A residual analysis proved that the IG semiparametric regression model was well adjusted to the data. That is, the proposed approach was able to satisfactorily model datasets containing continuous predictor variables, including vegetation indices such as the NDVI and VARI.
Additionally, to verify the statistical performance of the IG semiparametric regression model, its versatility was compared to the standard multiple linear regression model (modeling approach usually applied to inverse Gaussian distribution) and which does not consider the smoothing function. The results indicated that the proposed semiparametric model showed a better performance than the standard model.
Assessing field productivity parameters by using conventional methods of direct field sampling can be inaccurate, tiresome, and time-consuming.
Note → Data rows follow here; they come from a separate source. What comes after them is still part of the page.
definition in_J_H :: "'a::euclidean_space \<Rightarrow> real \<Rightarrow> ('a set \<Rightarrow> 'a set) \<Rightarrow> bool" where
  "in_J_H u t0 D \<longleftrightarrow>
     (\<forall>K\<in>convex_bodies. D K \<in> finite_measure_sets) \<and>
     (\<forall>K\<in>convex_bodies. \<forall>L\<in>convex_bodies. K \<subseteq> L \<longrightarrow> ess_subset (D K) (D L)) \<and>
     (\<forall>K\<in>convex_bodies. emeasure lebesgue (D K) = emeasure lebesgue K) \<and>
     (\<forall>x r. r > 0 \<longrightarrow> (\<exists>y s. s > 0 \<and> ess_eq (D (cball x r)) (cball y s))) \<and>
     (\<forall>A\<in>convex_bodies. \<forall>x r. r > 0 \<longrightarrow>
        ess_subset A (H_cylinder u t0 x r) \<longrightarrow> ess_subset (D A) (H_cylinder u t0 x r))"

definition contraction :: "(real \<Rightarrow> real) \<Rightarrow> bool" where
  "contraction \<phi> \<longleftrightarrow> (\<forall>s t. \<bar>\<phi> s - \<phi> t\<bar> \<le> \<bar>s - t\<bar>)"

text \<open>\<open>is_phi_of u D \<phi>\<close>: \<open>\<phi>\<close> is the contraction \<open>\<phi>_D\<close> associated with \<open>D\<close>
  (it is uniquely determined by this property).\<close>
definition is_phi_of :: "'a::euclidean_space \<Rightarrow> ('a set \<Rightarrow> 'a set) \<Rightarrow> (real \<Rightarrow> real) \<Rightarrow> bool" where
  "is_phi_of u D \<phi> \<longleftrightarrow> contraction \<phi> \<and>
     (\<forall>x t r. u \<bullet> x = 0 \<longrightarrow> r > 0 \<longrightarrow>
        ess_eq (D (cball (x + t *\<^sub>R u) r)) (cball (x + \<phi> t *\<^sub>R u) r))"

definition class_I :: "(real \<Rightarrow> real) set" where
  "class_I = {\<phi>. contraction \<phi> \<and>
     (\<forall>a b. a < b \<longrightarrow>
        (\<forall>s\<in>{a<..<b}. min (\<phi> a) (\<phi> b) < \<phi> s \<and> \<phi> s < max (\<phi> a) (\<phi> b)) \<longrightarrow>
        (\<exists>\<sigma> c. (\<sigma> = 1 \<or> \<sigma> = -1) \<and> (\<forall>s\<in>{a<..<b}. \<phi> s = \<sigma> * s + c)))}"

text \<open>Reflection in the hyperplane {y. v \<bullet> y = c} (v a unit vector).\<close>
definition refl_hp :: "'a::euclidean_space \<Rightarrow> real \<Rightarrow> 'a \<Rightarrow> 'a" where
  "refl_hp v c y = y - (2 * (v \<bullet> y - c)) *\<^sub>R v"

definition polarization :: "'a::euclidean_space \<Rightarrow> real \<Rightarrow> 'a set \<Rightarrow> 'a set" where
  "polarization v c A =
     {y. (v \<bullet> y \<ge> c \<and> (y \<in> A \<or> refl_hp v c y \<in> A)) \<or>
         (v \<bullet> y < c \<and> y \<in> A \<and> refl_hp v c y \<in> A)}"

definition parallel_polarizations :: "'a::euclidean_space \<Rightarrow> ('a set \<Rightarrow> 'a set) set" where
  "parallel_polarizations u = {polarization v c | v c. v = u \<or> v = - u}"

definition polarization_compositions :: "'a::euclidean_space \<Rightarrow> ('a set \<Rightarrow> 'a set) set" where
  "polarization_compositions u =
     {foldr (\<circ>) ps id | ps. ps \<noteq> [] \<and> set ps \<subseteq> parallel_polarizations u}"

definition weakly_approximable ::
  "'a::euclidean_space set set \<Rightarrow> ('a set \<Rightarrow> 'a set) \<Rightarrow> ('a set \<Rightarrow> 'a set) set \<Rightarrow> bool" where
  "weakly_approximable E D G \<longleftrightarrow>
     (\<forall>A\<in>E. \<exists>Dk :: nat \<Rightarrow> 'a set \<Rightarrow> 'a set. (\<forall>k. Dk k \<in> G) \<and>
        ((\<lambda>k. \<integral>\<^sup>+ x. ennreal \<bar>indicator (Dk k A) x - indicator (D A) x\<bar> \<partial>lebesgue)
           \<longlonglongrightarrow> 0))"

end

theory Submission
  imports Defs
begin
lemma is_ibasis_elem_unique:
  assumes "is_ibasis_elem b y" "is_ibasis_elem b y'"
  shows "y = y'"
proof -
  have "y - y' = (y - b) - (y' - b)"
    by simp
  also have "\<dots> \<in> lat vinvZvinv (basis_above b)"
    using assms unfolding is_ibasis_elem_def by (blast intro: lattice_diff[OF subrng_vinvZvinv])
  finally have "y - y' \<in> lat vinvZvinv B"
    using lattice_mono[OF basis_above_subset] by blast
  moreover have "psii (y - y') = y - y'"
    using assms by (simp add: is_ibasis_elem_def psii_diff)
  ultimately have "y - y' = 0"
    by (rule psii_fixed_in_vinvZvinv_lattice)
  then show ?thesis
    by simp
qed

lemma psii_coeffs_anti_invariant:
  assumes g: "\<And>t. t \<in> basis_above b \<Longrightarrow> is_ibasis_elem t (g t)"
    and T: "finite T" "T \<subseteq> basis_above b" and eq: "psii b - b = (\<Sum>t\<in>T. s t *s g t)"
  shows "\<forall>t\<in>T. s t + qbar (s t) = 0"
proof -
  have fixed: "psii (g t) = g t" if "t \<in> T" for t
    using g T(2) that unfolding is_ibasis_elem_def by blast
  have psii_b: "psii b = b + (\<Sum>t\<in>T. s t *s g t)"
    using eq by (metis add.commute diff_add_cancel)
  have "b = psii (b + (\<Sum>t\<in>T. s t *s g t))"
    by (simp flip: psii_b)
  also have "\<dots> = psii b + (\<Sum>t\<in>T. qbar (s t) *s g t)"
    using fixed by (simp add: psii_add psii_sum psii_scale)
  also have "\<dots> = b + (\<Sum>t\<in>T. (s t + qbar (s t)) *s g t)"
    unfolding psii_b by (simp add: scale_left_distrib sum.distrib add.assoc)
  finally have zero: "(\<Sum>t\<in>T. (s t + qbar (s t)) *s g t) = 0"
    by simp
  have unitri: "\<And>t. t \<in> basis_above b \<Longrightarrow> g t - t \<in> span (basis_above t)"
    using g is_ibasis_elem_span by blast
  show ?thesis
    by (rule unitriangular_independent[OF basis_above_subset unitri T zero])
qed

lemma scaled_ibasis_elem_in_lattice_above:
  assumes g: "\<And>t. t \<in> basis_above b \<Longrightarrow> is_ibasis_elem t (g t)" and t: "t \<in> basis_above b"
    and c: "c \<in> vinvZvinv"
  shows "c *s g t \<in> lat vinvZvinv (basis_above b)"
proof -
  have "g t - t \<in> lat vinvZvinv (basis_above b)"
    using g[OF t] lattice_mono[OF basis_above_trans[OF t]] unfolding is_ibasis_elem_def by blast
  then have "c *s t + c *s (g t - t) \<in> lat vinvZvinv (basis_above b)"
    using c t by (intro lattice_add[OF subrng_vinvZvinv] lattice_scale[OF subrng_vinvZvinv] lattice_scale_base)
  then show ?thesis
    by (simp add: scale_right_diff_distrib)
qed
lemma sum_columns_igusa_summand:
  assumes Y: "\<forall>i\<in>{1..n}. Y ^ i \<noteq> 1"
  shows "(\<Sum>D \<in> columns n. Y ^ excess D * igusa_summand (card D)) = igusa n Y Z - 1"
proof -
  let ?f = "\<lambda>C. Y ^ excess C * leg_weight Y C {} * igusa_summand (card C)"
  have "columns n = {C. C \<subseteq> {1..n} \<and> column_le C {}} - {{}}"
    by (auto simp: columns_def column_le_def)
  then have "(\<Sum>D \<in> columns n. Y ^ excess D * igusa_summand (card D))
      = (\<Sum>C | C \<subseteq> {1..n} \<and> column_le C {}. ?f C) - ?f {}"
    by (simp add: sum_diff1 finite_subset[of _ "Pow {1..n}"] leg_weight_def column_le_def)
  also have "\<dots> = (\<Sum>k = 0..n. qbinomial Y n k * igusa_summand k) - igusa_summand 0"
    using sum_column_le_by_card[of "{}" n Y igusa_summand] by (simp add: excess_def leg_weight_def)
  also have "\<dots> = igusa_tail 0 - 1"
    using igusa_tail_recursion[OF Y, of 0] by (simp add: sum.atLeast_Suc_atMost)
  finally show ?thesis by (simp add: igusa_tail_def)
qed

end

theorem mainTheorem5:
  fixes n :: nat and Y :: "'a::field" and Z :: "nat \<Rightarrow> 'a"
  assumes "\<forall>i\<in>{1..n}. Y ^ i \<noteq> 1"
    and "\<forall>i\<in>{1..n}. Z i \<noteq> 1"
    and "\<forall>C. C \<subseteq> {1..n} \<and> C \<noteq> {} \<longrightarrow>
           Y ^ schubert_dim n ({1..n} - C) * Z (card C) \<noteq> 1"
  shows "igusa n Y Z = HLS n Y (\<lambda>C. Y ^ schubert_dim n ({1..n} - C) * Z (card C))"
proof -
  have X: "\<forall>C \<in> columns n. X Y Z C \<noteq> 1"
  proof
    fix C assume "C \<in> columns n"
    then have C: "C \<subseteq> {1..n}" "C \<noteq> {}" by (auto simp: columns_def)
    then show "X Y Z C \<noteq> 1"
      using assms(3) unfolding X_def schubert_dim_complement[OF C(1), symmetric] by blast
  qed
  have "HLS n Y (\<lambda>C. Y ^ schubert_dim n ({1..n} - C) * Z (card C))
      = 1 + (\<Sum>D \<in> columns n. last_column_sum n Y Z D)"
    by (rule HLS_eq_sum_last_column_sum)
  also have "\<dots> = 1 + (\<Sum>D \<in> columns n. Y ^ excess D * igusa_summand n Y Z (card D))"
    using last_column_sum_eq[OF assms(1,2) X] by simp
  also have "\<dots> = igusa n Y Z"
    using sum_columns_igusa_summand[OF assms(1)] by simp
  finally show ?thesis ..
qed

end
lemma unitary_factors_diff_power2_le:
  assumes V: "unitary V" and W: "unitary W"
    and g: "g = V \<circ> g\<^sub>0" and f: "f = W \<circ> f\<^sub>0"
    and pg: "is_parseval_frame M g" and pf: "is_parseval_frame M f"
    and pg\<^sub>0: "is_parseval_frame M g\<^sub>0" and pf\<^sub>0: "is_parseval_frame M f\<^sub>0"
    and C_nonneg: "0 \<le> C" and f_bound: "\<forall>x\<in>space M. norm (f x) \<le> C"
    and f\<^sub>0_bound: "\<forall>x\<in>space M. norm (f\<^sub>0 x) \<le> C"
    and int: "integrable M (\<lambda>x. norm (g x - f x))"
    and int\<^sub>0: "integrable M (\<lambda>x. norm (g\<^sub>0 x - f\<^sub>0 x))"
  shows "(norm (V v - W v))\<^sup>2 \<le> 4 * C * (J1_dist M g\<^sub>0 f\<^sub>0 + J1_dist M g f) * (norm v)\<^sup>2"
proof -
  define w where "w = V v - W v"
  have coefficients: "cinner w (g x) = cinner v (g\<^sub>0 x - f\<^sub>0 x) - cinner (W v) (g x - f x)" for x
    using unitary_cinner[OF V, of v "g\<^sub>0 x"] unitary_cinner[OF W, of v "f\<^sub>0 x"]
    unfolding w_def g f by (simp add: cinner_diff_left cinner_diff_right)
  have "ennreal ((norm w)\<^sup>2) = (\<integral>\<^sup>+ x. ennreal ((cmod (cinner w (g x)))\<^sup>2) \<partial>M)"
    using parseval_frame_nn_integral[OF pg] by simp
  also have "\<dots> \<le> 2 * (\<integral>\<^sup>+ x. ennreal ((cmod (cinner v (g\<^sub>0 x - f\<^sub>0 x)))\<^sup>2) \<partial>M)
      + 2 * (\<integral>\<^sup>+ x. ennreal ((cmod (cinner (W v) (g x - f x)))\<^sup>2) \<partial>M)"
    unfolding coefficients
    by (intro nn_integral_cmod_diff_power2_le parseval_frame_measurable_diff pg pf pg\<^sub>0 pf\<^sub>0)
  also have "\<dots> \<le> 2 * ennreal (2 * C * (norm v)\<^sup>2 * J1_dist M g\<^sub>0 f\<^sub>0)
      + 2 * ennreal (2 * C * (norm v)\<^sup>2 * J1_dist M g f)"
    using parseval_frames_coefficient_diff_le[OF pg\<^sub>0 pf\<^sub>0 f\<^sub>0_bound int\<^sub>0, of v]
      parseval_frames_coefficient_diff_le[OF pg pf f_bound int, of "W v"]
    by (intro add_mono mult_left_mono) (auto simp: unitary_norm[OF W])
  also have "\<dots> = ennreal (2 * (2 * C * (norm v)\<^sup>2 * J1_dist M g\<^sub>0 f\<^sub>0)
      + 2 * (2 * C * (norm v)\<^sup>2 * J1_dist M g f))"
    using C_nonneg J1_dist_nonneg[of M g\<^sub>0 f\<^sub>0] J1_dist_nonneg[of M g f]
    by (intro ennreal_two_mult_add) auto
  also have "\<dots> = ennreal (4 * C * (J1_dist M g\<^sub>0 f\<^sub>0 + J1_dist M g f) * (norm v)\<^sup>2)"
    by (simp add: algebra_simps)
  finally show ?thesis
    unfolding w_def using C_nonneg by (simp add: ennreal_le_iff J1_dist_nonneg)
qed

lemma onorm_le_sqrt_of_norm_power2_le:
  assumes "0 \<le> B" and "\<And>v. (norm (T v))\<^sup>2 \<le> B * (norm v)\<^sup>2"
  shows "onorm T \<le> sqrt B"
proof (rule onorm_bound)
  fix v
  have "norm (T v) \<le> sqrt (B * (norm v)\<^sup>2)"
    using assms(2)[of v] by (simp add: real_le_rsqrt)
  then show "norm (T v) \<le> sqrt B * norm v"
    by (simp add: real_sqrt_mult)
qed (use assms(1) in simp)

lemma bounded_frames_common_bound:
  assumes "f \<in> bounded_frames M" "g \<in> bounded_frames M"
  obtains C where "0 < C" "\<forall>x\<in>space M. norm (f x) \<le> C" "\<forall>x\<in>space M. norm (g x) \<le> C"
proof -
  obtain Cf Cg where "\<forall>x\<in>space M. norm (f x) \<le> Cf" "\<forall>x\<in>space M. norm (g x) \<le> Cg"
    using assms unfolding bounded_frames_def by blast
  then show ?thesis
    by (intro that[of "max 1 (max Cf Cg)"]) (auto intro: le_max_iff_disj[THEN iffD2])
qed

lemma integrable_norm_diff_if_frames_integrable:
  fixes f g :: "'x \<Rightarrow> 'h::{chilbert_space, second_countable_topology}"
  assumes "\<forall>h \<in> (bounded_frames M :: ('x \<Rightarrow> 'h) set). integrable M h"
    and "f \<in> parseval_bounded_frames M" "g \<in> parseval_bounded_frames M"
  shows "integrable M (\<lambda>x. norm (g x - f x))"
proof -
  have "integrable M f" "integrable M g"
    using assms unfolding parseval_bounded_frames_def by auto
  then show ?thesis by (intro integrable_norm Bochner_Integration.integrable_diff)
qed

lemma onorm_unitary_factors_diff_le:
  fixes f g f\<^sub>0 g\<^sub>0 :: "'x \<Rightarrow> 'h::{chilbert_space, second_countable_topology}"
  assumes J1: "\<forall>h \<in> (bounded_frames M :: ('x \<Rightarrow> 'h) set). integrable M h"
    and frames: "f \<in> parseval_bounded_frames M" "g \<in> parseval_bounded_frames M"
      "f\<^sub>0 \<in> parseval_bounded_frames M" "g\<^sub>0 \<in> parseval_bounded_frames M"
    and "unitary V" "unitary W" "g = V \<circ> g\<^sub>0" "f = W \<circ> f\<^sub>0"
    and "0 \<le> C" "\<forall>x\<in>space M. norm (f x) \<le> C" "\<forall>x\<in>space M. norm (f\<^sub>0 x) \<le> C"
  shows "onorm (\<lambda>v. V v - W v) \<le> sqrt (4 * C * (J1_dist M g\<^sub>0 f\<^sub>0 + J1_dist M g f))"
proof (rule onorm_le_sqrt_of_norm_power2_le)
  show "0 \<le> 4 * C * (J1_dist M g\<^sub>0 f\<^sub>0 + J1_dist M g f)"
    using \<open>0 \<le> C\<close> J1_dist_nonneg[of M g\<^sub>0 f\<^sub>0] J1_dist_nonneg[of M g f] by simp
  have "is_parseval_frame M h" if "h \<in> parseval_bounded_frames M" for h
    using that unfolding parseval_bounded_frames_def by blast
  then show "(norm (V v - W v))\<^sup>2 \<le> 4 * C * (J1_dist M g\<^sub>0 f\<^sub>0 + J1_dist M g f) * (norm v)\<^sup>2" for v
    using frames by (intro unitary_factors_diff_power2_le assms
        integrable_norm_diff_if_frames_integrable[OF J1]) auto
qed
Thus, this study demonstrated that spectral indices, such as NDVI and VARI that are easily extracted from aerial images collected with drones or satellites, provide a feasible alternative to support or even replace non-automatic parameters. Additionally, results of model validation with on-farm data indicate that the development of such tools can be worthy for daily-basis operations carried out by farmers, improving the agronomic efficiency of their crops.
Thus, this research shows that the use of VIs from images captured by RPAS or satellites can be used to predict sugarcane yield in a reliable way.